lemma Fval_uminus: "Fval A \<sigma> (- v) = - Fval A \<sigma> v"
  by (simp add: Fval_def sum_negf)

lemma Fval_cvec: "Fval A \<sigma> (cvec z) = of_real (supp_vec A \<sigma> \<bullet> rvec z)"
  by (simp add: Fval_def cvec_def rvec_def inner_vec_def)

lemma Re_Fval: "Re (Fval A \<sigma> v) = supp_vec A \<sigma> \<bullet> (\<chi> i. Re (v$i))"
  by (simp add: Fval_def inner_vec_def)

lemma Im_Fval: "Im (Fval A \<sigma> v) = supp_vec A \<sigma> \<bullet> (\<chi> i. Im (v$i))"
  by (simp add: Fval_def inner_vec_def)

lemma Fval_cspan_eq_0:
  assumes "v \<in> cspan B" "\<forall>a\<in>B. supp_vec A \<sigma> \<bullet> rvec a = 0"
  shows "Fval A \<sigma> v = 0"
proof -
  obtain k where k: "v = (\<chi> i. \<Sum>a\<in>B. k a * of_int (a$i))"
    using assms(1) by (auto simp: cspan_def)
  have "Fval A \<sigma> v = (\<Sum>i\<in>UNIV. \<Sum>a\<in>B. complex_of_real (supp_vec A \<sigma> $ i) * (k a * of_int (a$i)))"
    by (simp add: Fval_def k sum_distrib_left)
  also have "\<dots> = (\<Sum>a\<in>B. k a * of_real (supp_vec A \<sigma> \<bullet> rvec a))"
    by (subst sum.swap) (simp add: inner_vec_def rvec_def sum_distrib_left algebra_simps)
  also have "\<dots> = 0" using assms(2) by simp
  finally show ?thesis .
qed
lemma sum_FinvN_Mmat:
  fixes N n m :: nat
  assumes N: "N > 0" and ev: "even N" and m: "m < N"
  defines "\<alpha> \<equiv> real n / real (2*N) - real m / real N"
  shows "(\<Sum>a<N. FinvN N n a * Mmat N n a m)
       = complex_of_real (sqrt 2 / real N) * (\<Sum>t<N div 2. cis (2*pi*\<alpha>*real (2*t + n mod 2)))"
proof -
  define K where "K = N div 2"
  have NK: "N = 2*K" using ev by (simp add: K_def)
  have split: "(\<Sum>a<N. FinvN N n a * Mmat N n a m)
      = (\<Sum>a<K. FinvN N n a * Mmat N n a m) + (\<Sum>a<K. FinvN N n (K + a) * Mmat N n (K + a) m)"
    unfolding NK by (rule sum_lessThan_double)
  show ?thesis
  proof (cases "m < K")
    case True
    have "(\<Sum>a<K. FinvN N n (K + a) * Mmat N n (K + a) m) = 0"
      using True by (simp add: Mmat_def K_def)
    then show ?thesis
      unfolding split using FinvN_Mmat_lower_block[OF ev _ True[unfolded K_def]]
      by (simp add: K_def \<alpha>_def sum_distrib_left)
  next
    case False
    then obtain m' where m': "m = K + m'" "m' < K" using m NK by (metis add_diff_inverse_nat add_less_cancel_left mult_2)
    have "(\<Sum>a<K. FinvN N n a * Mmat N n a m) = 0"
      using False by (simp add: Mmat_def K_def)
    then show ?thesis
      unfolding split using FinvN_Mmat_upper_block[OF ev _ m'(2)[unfolded K_def]]
      by (simp add: K_def \<alpha>_def m'(1) sum_distrib_left)
  qed
qed

theorem mainTheorem6:
  fixes N n m :: nat
  assumes "N > 0" and "even N" and "n < N" and "m < N"
  shows "ipP N (Phi N (int n)) (Fop (1 / (2 * pi * real N)) (Phi N (int m)))
         = (\<Sum>a<N. FinvN N n a * Mmat N n a m)"
  unfolding ipP_Phi_Fop_Phi[OF assms] sum_FinvN_Mmat[OF assms(1,2,4)] ..

end
lemma transport_submodule:
  assumes "submodule T N (h ` M) tadd (h mzero) tact"
  shows "submodule T (g ` N) M madd mzero act"
proof -
  interpret H: rmod T "h ` M" tadd "h mzero" tact by (rule rmod.intro[OF transport_right_module])
  have sg: "subgroup N H.G" and Nact: "\<And>m r. m \<in> N \<Longrightarrow> r \<in> carrier T \<Longrightarrow> tact m r \<in> N"
    using assms unfolding submodule_def by auto
  have N: "N \<subseteq> h ` M" using subgroup.subset[OF sg] by simp
  have inv: "inv\<^bsub>H.G\<^esub> A = h (inv\<^bsub>G\<^esub> (g A))" if "A \<in> h ` M" for A
  proof (rule H.G.inv_equality)
    show "h (inv\<^bsub>G\<^esub> (g A)) \<otimes>\<^bsub>H.G\<^esub> A = \<one>\<^bsub>H.G\<^esub>" using that G.l_inv[of "g A"] G.inv_closed[of "g A"] by (simp add: tadd_def)
  qed (use that G.inv_closed[of "g A"] in auto)
  show ?thesis
    unfolding submodule_def
  proof (intro conjI ballI)
    show "subgroup (g ` N) G"
    proof
      show "g ` N \<subseteq> carrier G" using N by auto
      show "\<one>\<^bsub>G\<^esub> \<in> g ` N" using subgroup.one_closed[OF sg] by force
    next
      fix a b assume "a \<in> g ` N" "b \<in> g ` N"
      then obtain A B where AB: "A \<in> N" "B \<in> N" "a = g A" "b = g B" by blast
      moreover have "A \<in> h ` M" "B \<in> h ` M" using AB(1,2) N by auto
      ultimately have "a \<otimes>\<^bsub>G\<^esub> b = g (tadd A B)" by (simp add: tadd_def)
      moreover have "tadd A B \<in> N" using subgroup.m_closed[OF sg AB(1,2)] by simp
      ultimately show "a \<otimes>\<^bsub>G\<^esub> b \<in> g ` N" by simp
    next
      fix a assume "a \<in> g ` N"
      then obtain A where A: "A \<in> N" "a = g A" by blast
      moreover have "A \<in> h ` M" using A(1) N by auto
      ultimately have "inv\<^bsub>G\<^esub> a = g (inv\<^bsub>H.G\<^esub> A)" using inv G.inv_closed[of a] by simp
      moreover have "inv\<^bsub>H.G\<^esub> A \<in> N" using subgroup.m_inv_closed[OF sg A(1)] .
      ultimately show "inv\<^bsub>G\<^esub> a \<in> g ` N" by simp
    qed
  next
    fix a r assume "a \<in> g ` N" "r \<in> carrier T"
    then obtain A where A: "A \<in> N" "a = g A" by blast
    moreover have "A \<in> h ` M" using A(1) N by auto
    ultimately have "act a r = g (tact A r)" using \<open>r \<in> carrier T\<close> by (simp add: tact_def)
    then show "act a r \<in> g ` N" using Nact[OF A(1) \<open>r \<in> carrier T\<close>] by simp
  qed
qed
(* Let $n\geq 1$ and $k\geq 2$ be integers, and let $w$ be a length-$n$ word over $\Sigma_k$. Then $\operatorname{rankU}_k(w)$ can be computed (from $w$ and $k$) in $O(kn^3)$ time using $O(n)$ space, under the unit-cost RAM model.
   Context: $\Sigma_k=\{1,2,\ldots,k\}$ with $1<2<\cdots<k$. Lexicographic order: for $x=x_1\cdots x_m$ and $y=y_1\cdots y_n$, $x<y$ if $x$ is a proper prefix of $y$, or if $x_i<y_i$ for the smallest $i$ with $x_i\neq y_i$. A border of a word $w$ is a word that is both a non-empty proper prefix and a non-empty proper suffix of $w$; $w$ is bordered if it has a border and unbordered otherwise. $\operatorname{rankU}_k(w)$ denotes the rank (position, starting from $1$) of $w$ in the lexicographic listing of all unbordered words of length $|w|$ over $\Sigma_k$; for an arbitrary word $w$ of length $n$ this is taken to mean $1$ plus the number of length-$n$ unbordered words over $\Sigma_k$ that are lexicographically smaller than $w$. Unit-cost RAM model: integer variables use constant space and integer arithmetic operations take constant time. *)

theory Defs
  imports Main
begin

definition word_over :: "nat \<Rightarrow> nat list \<Rightarrow> bool" where
  "word_over k w \<longleftrightarrow> set w \<subseteq> {1..k}"

definition lex_less :: "nat list \<Rightarrow> nat list \<Rightarrow> bool" where
  "lex_less x y \<longleftrightarrow>
     (\<exists>v. v \<noteq> [] \<and> y = x @ v) \<or>
     (\<exists>i < min (length x) (length y). x ! i < y ! i \<and> (\<forall>j < i. x ! j = y ! j))"
(* Let $G$ be a simple undirected graph of order $n\geq 6$ such that $\rho(G)\geq \rho(K_{2,n-2})$. Then $G$ contains a chorded cycle unless $G\cong K_{2,n-2}$.
   Context: All graphs are finite, simple and undirected. $\rho(G)$ denotes the spectral radius of $G$, i.e. the largest eigenvalue of its adjacency matrix $A(G)=(a_{u,v})$, where $a_{u,v}=1$ if $u,v$ are adjacent and $a_{u,v}=0$ otherwise. $K_{2,n-2}$ is the complete bipartite graph with parts of sizes $2$ and $n-2$. A chord of a cycle $C$ is an edge joining two non-consecutive vertices of $C$. A cycle $C$ in a graph $G$ is chorded if the subgraph of $G$ induced by the vertex set of $C$ contains at least one chord of $C$. *)

theory Defs
  imports Complex_Main
begin

definition simple_graph :: "'a set \<Rightarrow> ('a \<Rightarrow> 'a \<Rightarrow> bool) \<Rightarrow> bool" where
  "simple_graph V E \<longleftrightarrow> finite V \<and> (\<forall>u v. E u v \<longrightarrow> u \<in> V \<and> v \<in> V)
     \<and> (\<forall>u v. E u v \<longrightarrow> E v u) \<and> (\<forall>v. \<not> E v v)"

definition adj :: "('a \<Rightarrow> 'a \<Rightarrow> bool) \<Rightarrow> 'a \<Rightarrow> 'a \<Rightarrow> real" where
  "adj E u v = (if E u v then 1 else 0)"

__________________________________________________

▶ [YOUR OBJECTIVE] Read through the records above and copy the lines that contain "exists".

▶ [ANSWER SECTION]
     (\<exists>v. v \<noteq> [] \<and> y = x @ v) \<or>
     (\<exists>i < min (length x) (length y). x ! i < y ! i \<and> (\<forall>j < i. x ! j = y ! j))"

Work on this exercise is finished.